Pourquoi pardonner ? Parce que le criminel l’est souvent « malgré lui », involontairement, parce que manipulé et victime lui-même d’un système violent, injuste et producteur de frustrations, de logiques criminelles et débilitantes, comme c’est en partie le cas de Sardine, diplômé de l’enseignement supérieur frustré par « le système » et « rejeté » pour se débrouiller dans son village. Même ceux que l’on croit éclairés ou un peu éveillés peuvent sombrer dans la violence obscure. Le criminel est une victime, et il importe de « sauver une âme étranglée » (p.75). Il faut pardonner parce que la logique de vengeance crée un cercle vicieux de la violence et de la contre violence. Le pardon offre une chance de « reconquérir l’humanité sournoise en chaque criminel » (p.25). Il faut donner une nouvelle chance à une personne qui s’est égarée, et apprendre selon le beau titre du livre d’Isabelle Le Bourgeois, à Vivre avec l’iréparé. Le pardon libère celui qui pardonne des « démons de la « velléité vengeresse » (p.10), de « la logique de la réciprocité du sang à verser pour que noble réparation soit consentie» (p.11) pour du sang versé auparavant. Face au repentir, le refus de pardonner peut prendre les allures d’une forme de contre violence similaire à la violence condamnée.
« L’intelligence du pardon, vecteur de réconciliation durable dans une société traumatisée par un violent conflit fratricide «
Comment organiser le pardon ? Le pardon et la réconciliation ne s’imposent et ne s’improvisent pas. Ils doivent être organisés, préparés et conduits méthodiquement. L’on doit préparer les esprits, le terrain, le cadre, le moment, par l’action des personnes médiatrices jouissant auprès des protagonistes d’un minimum de crédit, et même de crédibilité et de confiance. On mène les choses de manière à arriver au stade où la communauté assemblée pour recevoir le repentir, crie d’un élan spontané « NOOON » (p.72) à l’idée d’infliger la mort de sang froid pour venger une mort infligée injustement et inutilement sous l’emprise de passions mortifères. Arriver à ce stade où le corps social dit « PLUS JAMAIS CELA » est probablement le signe d’un processus de pardon réel et de réconciliation assuré d’être durable.

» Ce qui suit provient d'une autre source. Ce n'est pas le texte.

lemma quotient_iso_diag:
  assumes "d \<le> \<rho> \<or> \<gamma> - \<delta> \<le> \<rho>"
  shows "Q \<cong> cyc (p ^ (\<gamma> - \<delta>)) \<times>\<times> (cyc (p ^ (\<gamma> - \<delta>)) \<times>\<times> cyc (p ^ d))"
proof -
  \<comment> \<open>If \<gamma> - \<delta> \<le> \<rho>, then x c^-f with x = a^(p^\<delta>) has order p^(\<gamma>-\<delta>); otherwise d \<le> \<rho>
    and already c^(p^\<rho>) = 1 in K/H.\<close>
  define f where "f = (if \<gamma> - \<delta> \<le> \<rho> then int p ^ (\<rho> - (\<gamma> - \<delta>)) else 0)"
  have "int p ^ d dvd int p ^ \<rho> - f * int p ^ (\<gamma> - \<delta>)"
    using assms by (auto simp: f_def le_imp_power_dvd simp flip: power_add)
  note kernel = relation_lattice_diag_coords[OF this]
  show ?thesis
  proof (rule iso_cyc3I[OF Q_group, where \<phi> = "\<lambda>u v w. qnf u v (w - f * u)"])
    fix u v w
    show "qnf u v (w - f * u) = \<one>\<^bsub>Q\<^esub> \<longleftrightarrow>
        int (p ^ (\<gamma> - \<delta>)) dvd u \<and> int (p ^ (\<gamma> - \<delta>)) dvd v \<and> int (p ^ d) dvd w"
      unfolding qnf_eq_one_iff using kernel[where u = u and w = w] by auto
  next
    fix q assume "q \<in> carrier Q"
    then obtain i j k where "q = qnf i j k" using carrier_Q by blast
    then show "\<exists>u v w. q = qnf u v (w - f * u)"
      by (intro exI[of _ i] exI[of _ j] exI[of _ "k + f * i"]) simp
  next
    fix u v w u' v' w'
    show "qnf (u + u') (v + v') (w + w' - f * (u + u')) =
        qnf u v (w - f * u) \<otimes>\<^bsub>Q\<^esub> qnf u' v' (w' - f * u')"
      unfolding qnf_mult by (simp add: algebra_simps)
  qed (simp_all add: p_pos)
qed

end

theorem lemma4p4:
  fixes G :: "('a, 'b) monoid_scheme" and p \<gamma> \<rho> \<delta> :: nat and a b :: 'a
  assumes "Factorial_Ring.prime p" and "odd p"
    and "1 \<le> \<gamma>" and "\<rho> \<le> \<gamma>"
    and "presented_G G p \<gamma> \<rho> a b"
    and "1 \<le> \<delta>" and "\<delta> \<le> \<gamma>"
  defines "c \<equiv> commutator G a b"
  defines "K \<equiv> generate G {a [^]\<^bsub>G\<^esub> (p ^ \<delta>), b [^]\<^bsub>G\<^esub> (p ^ \<delta>), c}"
  shows
    "(G\<lparr>carrier := K\<rparr>) Mod (generate G {c [^]\<^bsub>G\<^esub> (p ^ \<delta>)}) \<cong>
       (if \<rho> < \<delta> \<and> \<delta> < \<gamma> - \<rho>
        then cyc (p ^ (\<gamma> - \<rho>)) \<times>\<times> (cyc (p ^ (\<gamma> - \<delta>)) \<times>\<times> cyc (p ^ \<rho>))
        else cyc (p ^ (\<gamma> - \<delta>)) \<times>\<times> (cyc (p ^ (\<gamma> - \<delta>)) \<times>\<times> cyc (p ^ \<delta>)))
   \<and> (G\<lparr>carrier := K\<rparr>) Mod (generate G {c [^]\<^bsub>G\<^esub> (p ^ (\<delta> - 1))}) \<cong>
       (if \<rho> < \<delta> \<and> \<delta> < \<gamma> - \<rho>
        then cyc (p ^ (\<gamma> - \<rho> - 1)) \<times>\<times> (cyc (p ^ (\<gamma> - \<delta>)) \<times>\<times> cyc (p ^ \<rho>))
        else cyc (p ^ (\<gamma> - \<delta>)) \<times>\<times> (cyc (p ^ (\<gamma> - \<delta>)) \<times>\<times> cyc (p ^ (\<delta> - 1))))"
proof -
  have "0 < p" using assms(1) by (simp add: prime_gt_0_nat)
  then have quotients: "presented_quotient G p \<gamma> \<rho> a b \<delta> d" if "d \<le> \<delta>" for d
    using assms(5,7) that
    by (simp add: presented_quotient_def presented_quotient_axioms_def presented_group_def
        presented_group_axioms_def presented_G_def)
  interpret top: presented_quotient G p \<gamma> \<rho> a b \<delta> \<delta> by (rule quotients) simp
  interpret low: presented_quotient G p \<gamma> \<rho> a b \<delta> "\<delta> - 1" by (rule quotients) simp
  show ?thesis
  proof (cases "\<rho> < \<delta> \<and> \<delta> < \<gamma> - \<rho>")
    case True
    then have exps: "\<gamma> - \<delta> + \<delta> - \<rho> = \<gamma> - \<rho>" "\<gamma> - \<delta> + (\<delta> - 1) - \<rho> = \<gamma> - \<rho> - 1"
      by auto
    have "top.Q \<cong> cyc (p ^ (\<gamma> - \<delta> + \<delta> - \<rho>)) \<times>\<times> (cyc (p ^ (\<gamma> - \<delta>)) \<times>\<times> cyc (p ^ \<rho>))"
      and "low.Q \<cong> cyc (p ^ (\<gamma> - \<delta> + (\<delta> - 1) - \<rho>)) \<times>\<times> (cyc (p ^ (\<gamma> - \<delta>)) \<times>\<times> cyc (p ^ \<rho>))"
      using True by (intro top.quotient_iso_split low.quotient_iso_split; linarith)+
    then show ?thesis unfolding c_def K_def if_P[OF True] exps by (rule conjI)
  next
    case False
    have "top.Q \<cong> cyc (p ^ (\<gamma> - \<delta>)) \<times>\<times> (cyc (p ^ (\<gamma> - \<delta>)) \<times>\<times> cyc (p ^ \<delta>))"
      and "low.Q \<cong> cyc (p ^ (\<gamma> - \<delta>)) \<times>\<times> (cyc (p ^ (\<gamma> - \<delta>)) \<times>\<times> cyc (p ^ (\<delta> - 1)))"
      using False by (intro top.quotient_iso_diag low.quotient_iso_diag; linarith)+
    then show ?thesis unfolding c_def K_def if_not_P[OF False] by (rule conjI)
  qed
qed

end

Le pardon est un chemin sacrificiel sur lequel toutes les bonnes volontés comptent, et pas seulement les actions des autorités publiques. La réconciliation est un processus de libération collective du mal de la méfiance, de la vengeance, des clivages tribaux et régionaux entretenus par les politiques, pour le vivre ensemble harmonieux.